#### [What is needed]
In the material below, find the line with "using psd_on_diag_nonneg[OF assms(1,3) that]" and the line with "using psd_on_deflate[OF fin", then output those two lines and every line between them, exactly.
Input material START
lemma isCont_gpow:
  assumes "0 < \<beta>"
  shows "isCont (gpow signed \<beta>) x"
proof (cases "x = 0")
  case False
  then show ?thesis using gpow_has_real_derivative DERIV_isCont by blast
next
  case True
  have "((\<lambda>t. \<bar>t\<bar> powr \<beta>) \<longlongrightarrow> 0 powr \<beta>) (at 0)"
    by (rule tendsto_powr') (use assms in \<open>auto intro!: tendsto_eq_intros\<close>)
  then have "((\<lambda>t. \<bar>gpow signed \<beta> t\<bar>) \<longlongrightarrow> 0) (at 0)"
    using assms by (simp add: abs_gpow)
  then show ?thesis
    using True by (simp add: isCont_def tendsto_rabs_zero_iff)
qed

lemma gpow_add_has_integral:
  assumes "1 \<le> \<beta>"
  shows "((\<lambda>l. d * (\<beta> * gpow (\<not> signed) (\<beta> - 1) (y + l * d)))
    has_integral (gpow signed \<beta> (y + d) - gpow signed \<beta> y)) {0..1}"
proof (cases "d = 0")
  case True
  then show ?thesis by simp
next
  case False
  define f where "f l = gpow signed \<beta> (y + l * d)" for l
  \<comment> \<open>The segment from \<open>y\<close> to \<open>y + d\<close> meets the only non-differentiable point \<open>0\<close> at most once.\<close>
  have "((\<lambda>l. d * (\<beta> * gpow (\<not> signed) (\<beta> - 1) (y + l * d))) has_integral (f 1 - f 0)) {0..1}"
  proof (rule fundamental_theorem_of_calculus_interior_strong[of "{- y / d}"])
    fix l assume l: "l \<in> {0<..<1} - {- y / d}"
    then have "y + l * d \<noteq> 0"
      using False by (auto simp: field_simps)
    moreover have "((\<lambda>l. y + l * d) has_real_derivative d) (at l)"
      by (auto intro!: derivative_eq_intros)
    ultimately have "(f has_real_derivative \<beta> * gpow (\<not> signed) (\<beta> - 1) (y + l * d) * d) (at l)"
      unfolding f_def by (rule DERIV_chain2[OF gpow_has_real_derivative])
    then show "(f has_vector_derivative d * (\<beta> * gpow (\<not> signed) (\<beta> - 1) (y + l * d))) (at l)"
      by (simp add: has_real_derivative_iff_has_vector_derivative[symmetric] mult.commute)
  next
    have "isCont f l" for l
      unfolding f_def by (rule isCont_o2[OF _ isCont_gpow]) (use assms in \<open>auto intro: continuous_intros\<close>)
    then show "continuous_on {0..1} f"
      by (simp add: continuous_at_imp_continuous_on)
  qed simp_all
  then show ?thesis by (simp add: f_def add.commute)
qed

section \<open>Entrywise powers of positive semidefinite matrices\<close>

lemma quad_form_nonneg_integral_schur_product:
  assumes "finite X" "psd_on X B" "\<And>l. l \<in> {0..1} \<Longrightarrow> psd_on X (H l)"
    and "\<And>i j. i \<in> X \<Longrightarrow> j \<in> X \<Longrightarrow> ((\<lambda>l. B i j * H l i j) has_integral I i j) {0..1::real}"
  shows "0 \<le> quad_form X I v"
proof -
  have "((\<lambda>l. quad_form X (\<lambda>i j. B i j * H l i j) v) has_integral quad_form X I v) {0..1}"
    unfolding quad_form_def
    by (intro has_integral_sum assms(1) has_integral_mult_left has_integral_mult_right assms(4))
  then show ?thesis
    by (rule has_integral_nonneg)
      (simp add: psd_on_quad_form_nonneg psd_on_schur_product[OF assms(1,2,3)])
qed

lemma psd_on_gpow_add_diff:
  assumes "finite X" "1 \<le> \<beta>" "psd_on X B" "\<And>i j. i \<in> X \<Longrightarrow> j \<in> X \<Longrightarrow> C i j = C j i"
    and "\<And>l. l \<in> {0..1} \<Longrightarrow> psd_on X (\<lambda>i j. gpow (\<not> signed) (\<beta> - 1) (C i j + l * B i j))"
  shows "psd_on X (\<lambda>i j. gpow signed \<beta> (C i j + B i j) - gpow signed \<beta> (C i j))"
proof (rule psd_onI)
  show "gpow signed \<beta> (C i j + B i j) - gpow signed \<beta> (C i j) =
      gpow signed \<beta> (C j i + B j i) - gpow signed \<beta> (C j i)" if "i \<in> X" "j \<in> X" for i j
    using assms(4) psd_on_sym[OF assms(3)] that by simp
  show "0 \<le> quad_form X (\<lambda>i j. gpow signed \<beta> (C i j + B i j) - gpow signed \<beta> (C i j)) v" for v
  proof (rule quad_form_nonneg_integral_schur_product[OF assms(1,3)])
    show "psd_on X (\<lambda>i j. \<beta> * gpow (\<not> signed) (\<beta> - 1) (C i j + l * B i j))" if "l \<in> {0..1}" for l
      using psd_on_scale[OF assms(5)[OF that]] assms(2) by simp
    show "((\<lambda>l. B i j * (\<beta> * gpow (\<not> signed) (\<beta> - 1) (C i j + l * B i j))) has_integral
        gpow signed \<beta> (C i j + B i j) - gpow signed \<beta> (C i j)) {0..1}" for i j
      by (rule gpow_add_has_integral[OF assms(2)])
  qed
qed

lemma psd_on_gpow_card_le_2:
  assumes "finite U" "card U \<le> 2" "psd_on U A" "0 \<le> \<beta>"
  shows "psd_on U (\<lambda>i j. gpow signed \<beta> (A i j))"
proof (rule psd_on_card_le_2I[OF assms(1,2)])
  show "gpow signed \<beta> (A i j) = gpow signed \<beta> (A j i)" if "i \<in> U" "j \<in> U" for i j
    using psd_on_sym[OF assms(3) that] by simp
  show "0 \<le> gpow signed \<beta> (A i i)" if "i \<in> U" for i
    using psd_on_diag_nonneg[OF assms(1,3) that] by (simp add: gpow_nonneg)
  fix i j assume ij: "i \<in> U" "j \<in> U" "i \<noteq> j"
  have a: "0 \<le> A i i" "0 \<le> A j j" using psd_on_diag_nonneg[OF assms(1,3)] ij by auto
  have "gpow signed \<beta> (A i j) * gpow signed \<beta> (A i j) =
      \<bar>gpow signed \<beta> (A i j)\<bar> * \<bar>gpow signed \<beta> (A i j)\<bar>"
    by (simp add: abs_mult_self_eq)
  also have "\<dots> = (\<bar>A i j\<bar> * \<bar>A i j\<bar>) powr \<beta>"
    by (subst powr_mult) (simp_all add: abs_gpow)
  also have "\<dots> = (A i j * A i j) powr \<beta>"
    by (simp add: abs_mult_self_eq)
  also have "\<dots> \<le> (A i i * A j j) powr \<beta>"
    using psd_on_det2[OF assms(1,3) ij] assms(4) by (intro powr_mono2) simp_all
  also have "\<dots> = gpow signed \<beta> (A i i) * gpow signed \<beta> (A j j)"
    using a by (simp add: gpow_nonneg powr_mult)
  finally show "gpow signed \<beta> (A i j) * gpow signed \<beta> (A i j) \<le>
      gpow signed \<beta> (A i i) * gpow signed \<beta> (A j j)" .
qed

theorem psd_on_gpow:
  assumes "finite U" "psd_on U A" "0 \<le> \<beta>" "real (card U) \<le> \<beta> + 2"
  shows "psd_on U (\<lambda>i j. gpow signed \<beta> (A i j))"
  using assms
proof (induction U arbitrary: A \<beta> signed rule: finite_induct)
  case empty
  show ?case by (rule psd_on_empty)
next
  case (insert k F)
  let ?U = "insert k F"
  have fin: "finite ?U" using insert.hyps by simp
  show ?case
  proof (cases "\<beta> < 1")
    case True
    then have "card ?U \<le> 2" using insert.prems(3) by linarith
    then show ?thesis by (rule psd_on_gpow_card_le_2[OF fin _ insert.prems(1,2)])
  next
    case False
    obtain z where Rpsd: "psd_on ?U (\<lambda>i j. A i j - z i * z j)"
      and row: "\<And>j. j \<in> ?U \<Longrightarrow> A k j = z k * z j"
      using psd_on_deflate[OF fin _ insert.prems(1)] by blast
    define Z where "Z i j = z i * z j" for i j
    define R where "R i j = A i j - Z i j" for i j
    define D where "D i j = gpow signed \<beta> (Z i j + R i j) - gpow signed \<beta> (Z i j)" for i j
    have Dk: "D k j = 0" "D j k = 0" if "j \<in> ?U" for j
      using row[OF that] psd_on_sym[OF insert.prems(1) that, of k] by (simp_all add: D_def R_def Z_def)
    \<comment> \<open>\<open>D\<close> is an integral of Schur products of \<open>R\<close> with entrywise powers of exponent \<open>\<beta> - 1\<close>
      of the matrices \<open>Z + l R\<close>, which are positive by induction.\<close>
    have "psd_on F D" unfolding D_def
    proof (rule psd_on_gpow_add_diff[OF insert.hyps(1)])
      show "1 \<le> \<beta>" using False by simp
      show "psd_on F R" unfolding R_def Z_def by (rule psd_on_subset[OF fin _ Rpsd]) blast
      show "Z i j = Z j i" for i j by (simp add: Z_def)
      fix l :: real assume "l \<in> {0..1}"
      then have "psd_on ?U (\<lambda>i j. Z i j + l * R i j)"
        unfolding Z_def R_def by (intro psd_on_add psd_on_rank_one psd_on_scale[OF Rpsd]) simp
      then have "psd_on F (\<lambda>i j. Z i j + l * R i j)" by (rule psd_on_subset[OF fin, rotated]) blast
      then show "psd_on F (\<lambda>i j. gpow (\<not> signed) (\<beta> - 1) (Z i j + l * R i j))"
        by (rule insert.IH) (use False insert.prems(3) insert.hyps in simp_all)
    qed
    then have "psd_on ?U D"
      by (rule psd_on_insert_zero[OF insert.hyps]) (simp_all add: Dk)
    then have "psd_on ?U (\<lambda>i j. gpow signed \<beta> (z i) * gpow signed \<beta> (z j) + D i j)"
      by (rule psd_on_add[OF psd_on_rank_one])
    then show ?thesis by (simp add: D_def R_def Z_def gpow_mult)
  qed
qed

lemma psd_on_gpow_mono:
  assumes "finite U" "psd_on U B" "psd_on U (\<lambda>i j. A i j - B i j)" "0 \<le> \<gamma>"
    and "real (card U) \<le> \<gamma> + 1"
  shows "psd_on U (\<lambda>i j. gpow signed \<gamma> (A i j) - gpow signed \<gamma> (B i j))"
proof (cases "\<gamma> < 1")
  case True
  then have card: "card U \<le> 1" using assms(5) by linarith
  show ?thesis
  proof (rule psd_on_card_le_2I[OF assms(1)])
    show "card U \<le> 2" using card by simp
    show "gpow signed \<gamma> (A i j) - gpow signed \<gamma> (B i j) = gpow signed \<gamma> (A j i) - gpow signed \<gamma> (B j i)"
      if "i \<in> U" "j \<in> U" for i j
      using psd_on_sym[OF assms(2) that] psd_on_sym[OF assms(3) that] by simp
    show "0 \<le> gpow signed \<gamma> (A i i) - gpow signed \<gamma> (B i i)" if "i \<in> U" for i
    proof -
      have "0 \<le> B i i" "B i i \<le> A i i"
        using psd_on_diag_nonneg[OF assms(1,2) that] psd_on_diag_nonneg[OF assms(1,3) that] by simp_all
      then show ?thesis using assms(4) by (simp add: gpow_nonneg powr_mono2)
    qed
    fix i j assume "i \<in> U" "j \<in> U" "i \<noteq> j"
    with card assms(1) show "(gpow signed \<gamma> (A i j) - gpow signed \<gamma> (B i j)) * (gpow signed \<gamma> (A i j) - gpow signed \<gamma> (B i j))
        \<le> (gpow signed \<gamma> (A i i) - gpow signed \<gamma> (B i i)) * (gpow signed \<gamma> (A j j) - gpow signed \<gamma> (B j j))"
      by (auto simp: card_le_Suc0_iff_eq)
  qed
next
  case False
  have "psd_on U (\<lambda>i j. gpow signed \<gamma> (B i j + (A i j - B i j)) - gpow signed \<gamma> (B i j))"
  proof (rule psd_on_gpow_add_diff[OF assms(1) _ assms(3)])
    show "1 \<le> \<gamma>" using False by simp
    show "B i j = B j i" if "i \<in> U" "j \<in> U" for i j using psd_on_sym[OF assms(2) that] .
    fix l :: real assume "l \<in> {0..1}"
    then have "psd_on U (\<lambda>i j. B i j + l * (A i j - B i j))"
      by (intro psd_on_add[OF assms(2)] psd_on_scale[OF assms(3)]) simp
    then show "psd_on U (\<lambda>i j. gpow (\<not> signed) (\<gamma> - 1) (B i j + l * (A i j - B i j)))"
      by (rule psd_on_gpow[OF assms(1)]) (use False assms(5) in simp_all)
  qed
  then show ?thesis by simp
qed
Input material END
#### [Output of the task]
    using psd_on_diag_nonneg[OF assms(1,3) that] by (simp add: gpow_nonneg)
  fix i j assume ij: "i \<in> U" "j \<in> U" "i \<noteq> j"
  have a: "0 \<le> A i i" "0 \<le> A j j" using psd_on_diag_nonneg[OF assms(1,3)] ij by auto
  have "gpow signed \<beta> (A i j) * gpow signed \<beta> (A i j) =
      \<bar>gpow signed \<beta> (A i j)\<bar> * \<bar>gpow signed \<beta> (A i j)\<bar>"
    by (simp add: abs_mult_self_eq)
  also have "\<dots> = (\<bar>A i j\<bar> * \<bar>A i j\<bar>) powr \<beta>"
    by (subst powr_mult) (simp_all add: abs_gpow)
  also have "\<dots> = (A i j * A i j) powr \<beta>"
    by (simp add: abs_mult_self_eq)
  also have "\<dots> \<le> (A i i * A j j) powr \<beta>"
    using psd_on_det2[OF assms(1,3) ij] assms(4) by (intro powr_mono2) simp_all
  also have "\<dots> = gpow signed \<beta> (A i i) * gpow signed \<beta> (A j j)"
    using a by (simp add: gpow_nonneg powr_mult)
  finally show "gpow signed \<beta> (A i j) * gpow signed \<beta> (A i j) \<le>
      gpow signed \<beta> (A i i) * gpow signed \<beta> (A j j)" .
qed

theorem psd_on_gpow:
  assumes "finite U" "psd_on U A" "0 \<le> \<beta>" "real (card U) \<le> \<beta> + 2"
  shows "psd_on U (\<lambda>i j. gpow signed \<beta> (A i j))"
  using assms
proof (induction U arbitrary: A \<beta> signed rule: finite_induct)
  case empty
  show ?case by (rule psd_on_empty)
next
  case (insert k F)
  let ?U = "insert k F"
  have fin: "finite ?U" using insert.hyps by simp
  show ?case
  proof (cases "\<beta> < 1")
    case True
    then have "card ?U \<le> 2" using insert.prems(3) by linarith
    then show ?thesis by (rule psd_on_gpow_card_le_2[OF fin _ insert.prems(1,2)])
  next
    case False
    obtain z where Rpsd: "psd_on ?U (\<lambda>i j. A i j - z i * z j)"
      and row: "\<And>j. j \<in> ?U \<Longrightarrow> A k j = z k * z j"
      using psd_on_deflate[OF fin _ insert.prems(1)] by blast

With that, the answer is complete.